Comment Re:What a bunch of hooye, total garbage (Score 1) 91
The supply of money is completely independent of the economics of trading.
If a cow is worth 4 goats, changing the monetary price of a cow to 3 dollars or 300,000 dollars or 25 bazillion lira changes nothing about the trading situation. A goat is still worth one-fourth of a cow. If cows die off and become scarcer and more valuable, then they might end up being worth 10 goats but notice that is COMPLETELY INDEPENDENT of the "value" of our money.

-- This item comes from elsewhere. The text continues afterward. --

(* Let $\Gamma$ be a connected signed graph such that $\Gamma_+$ is connected and $\Gamma_-$ has exactly two edges $e,f$, which do not share a vertex. Then \[ \mathcal{M}(\Gamma(t))=t^2|\gamma_e\gamma_f|\,\mathcal{M}(\Gamma_{.e.f})-t\big(|\gamma_e|\,\mathcal{M}(\Gamma_{.e\setminus f})+|\gamma_f|\,\mathcal{M}(\Gamma_{\setminus e.f})\big)+\mathcal{M}(\Gamma_{\setminus e\setminus f}), \] and $t^\star(\Gamma)$ is the minimal positive root of this polynomial.
   Context: A signed graph $\Gamma$ is a finite simple undirected graph with vertex set $\{1,\dots,N\}$ in which every edge $\{i,j\}$ carries a nonzero real weight $\gamma_{ij}$, which may be of either sign. $\Gamma_+$ (resp. $\Gamma_-$) is the spanning subgraph on all vertices containing exactly the positively (resp. negatively) weighted edges. For real $t$, $\Gamma(t)$ has the same edges and weights $\gamma_{ij}$ on positive edges and $t\gamma_{ij}$ on negative edges. For a weighted multigraph $H$ (loops and parallel edges allowed), $\mathcal{M}(H)=\sum_T\prod_{e\in E(T)}w(e)$, summed over spanning trees $T$ of $H$ (parallel edges give distinct trees; $\mathcal{M}(H)=0$ if $H$ is disconnected). For an edge $e$, $\Gamma_{\setminus e}$ is obtained by deleting $e$, and $\Gamma_{.e}$ is obtained by contracting $e$: its two endpoints are identified into one vertex, every other edge incident to either endpoint becomes incident to the new vertex (keeping its weight), and $e$ is removed. Compound symbols denote successive operations: $\Gamma_{.e.f}$ contract $e$ then $f$; $\Gamma_{.e\setminus f}$ contract $e$ and delete $f$; $\Gamma_{\setminus e.f}$ delete $e$ and contract $f$; $\Gamma_{\setminus e\setminus f}$ delete both. For a signed graph, $n_+(\cdot)$ denotes the number of positive eigenvalues of the Laplacian (off-diagonal entries the weights, diagonal entries minus the row sums), and $t^\star(\Gamma)=\sup\{t\ge0: n_+(\Gamma(t))=0\}$. *)

theory Defs
  imports Complex_Main "Jordan_Normal_Form.Char_Poly"
begin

Money is merely a tracking device.
Money is also a storage device. If I trade my cow for 4 goats today when I could have gotten 5 goats for it next week, I've lost out. But if I trade my cow for money today and hold the money, then I can buy 4 goats next week, have money left over to buy something else, and have the savings that come from not having had to feed and care for the cow for a week. Of course it could also go the other way - I could lose on the transaction. And this is how stock markets are supposed to work, for better or worse.

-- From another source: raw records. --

(* Let $V\subset Z^n$ be finite, $G$ an Abelian group of order $|V|$, and $\phi:Z^n\to G$ a homomorphism whose restriction to $V$ is a bijection, and let $\mathcal{T}=\{V+l;\ l\in\ker\phi\}$ be the corresponding lattice tiling of $Z^n$. Then $\mathcal{T}$ is $p$-periodic, where $p=\mathrm{lcm}\{\mathrm{ord}(\phi(e_1)),\dots,\mathrm{ord}(\phi(e_n))\}$ and $\mathrm{ord}(g)$ is the order of $g$ in $G$.
   Context: $e_i$ is the $i$-th unit vector of $Z^n$. A set $\mathcal{S}\subset Z^n$ is $p$-periodic ($p>0$) if $s\in\mathcal{S}\iff s+pe_i\in\mathcal{S}$ for all $i=1,\dots,n$, and $p$ is the smallest positive number with this property. A tiling $\{V+l;\ l\in\mathcal{L}\}$ is $p$-periodic if $\mathcal{L}$ is $p$-periodic. *)

theory Defs
  imports "HOL-Analysis.Analysis" "HOL-Algebra.Algebra"
begin

text \<open>Z^n is rendered as int^'n; the unit vector e_i is axis i 1, so p e_i = axis i p.\<close>

definition has_period :: "(int ^ 'n) set \<Rightarrow> nat \<Rightarrow> bool" where
  "has_period S p \<longleftrightarrow> (\<forall>s i. s \<in> S \<longleftrightarrow> s + axis i (int p) \<in> S)"

definition p_periodic :: "(int ^ 'n) set \<Rightarrow> nat \<Rightarrow> bool" where
  "p_periodic S p \<longleftrightarrow> p > 0 \<and> has_period S p \<and> (\<forall>q. q > 0 \<and> has_period S q \<longrightarrow> p \<le> q)"

definition tiling_p_periodic :: "(int ^ 'n) set \<Rightarrow> (int ^ 'n) set \<Rightarrow> nat \<Rightarrow> bool" where
  "tiling_p_periodic V L p \<longleftrightarrow> p_periodic L p"

end

theory Submission
  imports Defs
begin

text \<open>The kernel of \<phi> is invariant under the translation by p e_i exactly when
  \<phi>(p e_i) = \<phi>(e_i)^p is trivial, i.e. when ord \<phi>(e_i) divides p. So the periods of the
  kernel are precisely the common multiples of these orders, and the least positive one is
  their lcm, which is positive because G is finite.\<close>

locale add_hom_into_group = group G
  for G :: "('g, 'c) monoid_scheme" (structure) and \<phi> :: "'a::semiring_1 \<Rightarrow> 'g" +
  assumes hom_closed: "\<phi> x \<in> carrier G"
    and hom_add: "\<phi> (x + y) = \<phi> x \<otimes> \<phi> y"
begin

lemma hom_zero: "\<phi> 0 = \<one>"
  by (metis hom_add hom_closed add_0 l_cancel_one')

lemma hom_of_nat_mult: "\<phi> (of_nat k * x) = \<phi> x [^] k"
proof (induction k)
  case 0
  show ?case by (simp add: hom_zero)
next
  case (Suc k)
  have "of_nat (Suc k) * x = of_nat k * x + x"
    by (simp add: algebra_simps)
  then have "\<phi> (of_nat (Suc k) * x) = \<phi> (of_nat k * x) \<otimes> \<phi> x"
    by (simp add: hom_add)
  with Suc show ?case by (simp add: nat_pow_Suc)
qed

lemma hom_eq_one_iff_translate: "\<phi> (s + t) = \<one> \<longleftrightarrow> \<phi> s = \<one>" if "\<phi> t = \<one>"
  using that by (simp add: hom_add hom_closed)

end

lemma axis_of_nat: "axis i (int k) = of_nat k * axis i 1"
  by (simp add: vec_eq_iff axis_def of_nat_index)

lemma has_period_kernel_iff:
  fixes \<phi> :: "int ^ 'n \<Rightarrow> 'g"
  assumes "add_hom_into_group G \<phi>"
  shows "has_period {l. \<phi> l = \<one>\<^bsub>G\<^esub>} p \<longleftrightarrow> (\<forall>i. group.ord G (\<phi> (axis i 1)) dvd p)"
proof -
  interpret add_hom_into_group G \<phi> by (fact assms)
  have kernel_axis: "\<phi> (axis i (int p)) = \<one>\<^bsub>G\<^esub> \<longleftrightarrow> ord (\<phi> (axis i 1)) dvd p" for i
    by (simp add: axis_of_nat hom_of_nat_mult pow_eq_id hom_closed)
  have "has_period {l. \<phi> l = \<one>\<^bsub>G\<^esub>} p \<longleftrightarrow> (\<forall>i. \<phi> (axis i (int p)) = \<one>\<^bsub>G\<^esub>)"
  proof
    assume period: "has_period {l. \<phi> l = \<one>\<^bsub>G\<^esub>} p"
    show "\<forall>i. \<phi> (axis i (int p)) = \<one>\<^bsub>G\<^esub>"
    proof
      fix i
      from period have "\<phi> 0 = \<one>\<^bsub>G\<^esub> \<longleftrightarrow> \<phi> (0 + axis i (int p)) = \<one>\<^bsub>G\<^esub>"
        unfolding has_period_def by blast
      then show "\<phi> (axis i (int p)) = \<one>\<^bsub>G\<^esub>"
        by (simp add: hom_zero)
    qed
  next
    assume "\<forall>i. \<phi> (axis i (int p)) = \<one>\<^bsub>G\<^esub>"
    then show "has_period {l. \<phi> l = \<one>\<^bsub>G\<^esub>} p"
      unfolding has_period_def using hom_eq_one_iff_translate by blast
  qed
  with kernel_axis show ?thesis by (simp only:)
qed

lemma p_periodic_Lcm:
  fixes S :: "(int ^ 'n) set" and A :: "nat set"
  assumes "finite A" "0 \<notin> A"
    and periods: "\<And>p. has_period S p \<longleftrightarrow> (\<forall>a\<in>A. a dvd p)"
  shows "p_periodic S (Lcm A)"
  unfolding p_periodic_def
proof (intro conjI allI impI)
  show "Lcm A > 0"
    using assms(1,2) Lcm_0_iff_nat by (metis gr0I)
  show "has_period S (Lcm A)"
    by (simp add: periods dvd_Lcm)
  show "Lcm A \<le> q" if "q > 0 \<and> has_period S q" for q
    using that periods by (simp add: Lcm_least dvd_imp_le)
qed

theorem corollary1:
  fixes V :: "(int ^ 'n) set" and G :: "('g, 'b) monoid_scheme" and \<phi> :: "int ^ 'n \<Rightarrow> 'g"
  assumes "finite V"
    and "comm_group G"
    and "order G = card V"
    and "\<forall>x. \<phi> x \<in> carrier G"
    and "\<forall>x y. \<phi> (x + y) = \<phi> x \<otimes>\<^bsub>G\<^esub> \<phi> y"
    and "bij_betw \<phi> V (carrier G)"
  shows "tiling_p_periodic V {l. \<phi> l = \<one>\<^bsub>G\<^esub>}
           (Lcm ((\<lambda>i. group.ord G (\<phi> (axis i 1))) ` UNIV))"
proof -
  have hom: "add_hom_into_group G \<phi>"
    using assms(2,4,5)
    by (intro add_hom_into_group.intro add_hom_into_group_axioms.intro comm_group.axioms(2)) auto
  then interpret add_hom_into_group G \<phi> .
  have "finite (carrier G)"
    using assms(1,6) bij_betw_finite by blast
  then have "ord (\<phi> (axis i 1)) \<noteq> 0" for i
    using ord_ge_1 hom_closed by (simp add: Suc_le_eq)
  then have orders_nonzero: "0 \<notin> (\<lambda>i. ord (\<phi> (axis i 1))) ` UNIV"
    by (simp add: image_iff)
  show ?thesis
    unfolding tiling_p_periodic_def
    by (rule p_periodic_Lcm[OF _ orders_nonzero]) (simp_all add: has_period_kernel_iff[OF hom])
qed

end
(* The variational equations of the slowly varying envelope (SVE) approximation imply the following Kelvin circulation theorem \begin{align} \frac{d}{dt}\oint_{c(\mathbf{\widehat v})} \Big( \mathbf{\widehat{v}}\cdot d\mathbf{r} + {\cal N} d \frac{d\theta}{dt} \Big) = - \oint_{c(\mathbf{\widehat v})} \frac{1}{\rho}dp\,. \end{align}
   Context: Setting: a 2D free surface model with divergence-free horizontal current velocity $\mathbf{\widehat v}(\mathbf{r},t)$ carrying a vertical wave elevation, in the WKB/SVE approximation $\zeta = \Re\big(a(\mathbf{r},t)e^{i\theta(\mathbf{r},t)/\epsilon}\big)$, $\epsilon\ll1$. The leading-order action is $S_{SVE}=\int_a^b\int_{\cal D} \tfrac{1}{2}D\rho |\mathbf{\widehat{v}}|^2 - p(D-1) + \tfrac{\sigma^2|a|^2}{8\epsilon^2} D\rho \Big( \big(\tfrac{d\theta}{dt}\big)^2 - \tfrac{\rho_{ref}}{\rho} \tfrac{\epsilon^2}{\sigma^2 Fr^2} \Big)\,d^2r\,dt$, with $\frac{d\theta}{dt} = \partial_t\theta + \mathbf{\widehat v}\cdot\nabla_{\mathbf{r}}\theta$, constants $\sigma^2,Fr^2,\rho_{ref}$ with $\epsilon^2/(\sigma^2Fr^2)=O(1)$, advected areal density $D\,d^2r$ and buoyancy $\rho$, and pressure $p$ enforcing $D=1$. Here ${\cal N}:= \sigma^2|a|^2/(4\epsilon^2)$. The variations give $d\theta/dt=\sqrt{\rho\rho_{ref}}/\rho$, conservation of wave action, and advection of $|a|^2$. The loop $c(\mathbf{\widehat v})$ moves with the horizontal flow. *)

theory Defs
  imports "HOL-Analysis.Analysis"
begin

definition C1fun :: "('a::real_normed_vector \<Rightarrow> 'b::real_normed_vector) \<Rightarrow> bool" where
  "C1fun F \<longleftrightarrow> (\<exists>F'. (\<forall>z. (F has_derivative blinfun_apply (F' z)) (at z)) \<and> continuous_on UNIV F')"

definition C2fun :: "('a::real_normed_vector \<Rightarrow> 'b::real_normed_vector) \<Rightarrow> bool" where
  "C2fun F \<longleftrightarrow> (\<exists>F'. (\<forall>z. (F has_derivative blinfun_apply (F' z)) (at z)) \<and> C1fun F')"

definition smooth2 :: "(real \<Rightarrow> 'a::real_normed_vector \<Rightarrow> 'b::real_normed_vector) \<Rightarrow> bool" where
  "smooth2 f \<longleftrightarrow> C2fun (\<lambda>z. f (fst z) (snd z))"
(* Let $\mathcal{P}$ be a property of unordered partial systems that is monotone increasing (if $S\in\mathcal{P}$ and $S'\supseteq S$ then $S'\in\mathcal{P}$). Fix $\alpha\in(0,1)$ and $S\in\mathcal{O}_m$ for some $m\le N-\alpha N$. Let $\mathbf{S}$ have distribution $\mathbb{R}(S,\alpha N)$ and $\mathbf{S}^*$ have distribution $\mathbb{G}^*(S,\alpha/n)$. Then \[ \Pr\left(S\cup\mathbf{S}\notin\mathcal{P}\right)=O(1)\Pr\left(S\cup\mathbf{S}^*\notin\mathcal{P}\right), \] where $S\cup S'$ denotes the unordered partial system consisting of the hyperedges of $S$ and of $S'$.
   Context: Throughout, $n\equiv1$ or $3\pmod 6$, $N=\binom n2/3$, $\alpha N$ is treated as an integer and asymptotics are as $n\to\infty$. A partial system is a 3-uniform hypergraph on $[n]$ in which every pair of vertices lies in at most one hyperedge; $\mathcal{O}_m$ is the set of ordered partial systems with $m$ hyperedges. $G(S)$ is the graph on $[n]$ of pairs not contained in a hyperedge of $S$. For a partial system $S$, $\mathbb{G}(S,p)$ is the random 3-uniform hypergraph in which each triple not conflicting with $S$ (i.e. not intersecting a hyperedge of $S$ in at least 2 vertices, equivalently each triangle of $G(S)$) is included independently with probability $p$; $\mathbb{G}^*(S,p)$ is the partial system obtained from $\mathbb{G}(S,p)$ by deleting every hyperedge that intersects another hyperedge of it in at least 2 vertices. $\mathbb{R}(S,m)$ is the distribution of the partial system formed by the triangles removed in the first $m$ steps of the triangle removal process started from $G(S)$ (repeatedly deleting the edges of a uniformly random triangle of the current graph); if the process runs out of triangles before $m$ steps its output is the symbol $*$. Conventions: $*$ is a superset of every partial system, $*\in\mathcal{P}$, and $S\cup *=*$. *)

theory Defs
  imports "HOL-Probability.Probability"
begin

But that storage medium makes room for all kinds of middle men, and ultimately gives rise to all sorts of ways to game the system. And because so much money is paid to people who have added little or no value to the system, or who in fact have taken value out of the sytem, a large percentage of 'legal' tender might as well be counterfeit.
Money makes assets and liabilities more fluid, more portable, and easier to hide. It introduces both efficiencies and inefficiencies, and it causes different market sectors to be much more interdependent on each other than they otherwise would. So, no, money is not "merely a tracking device".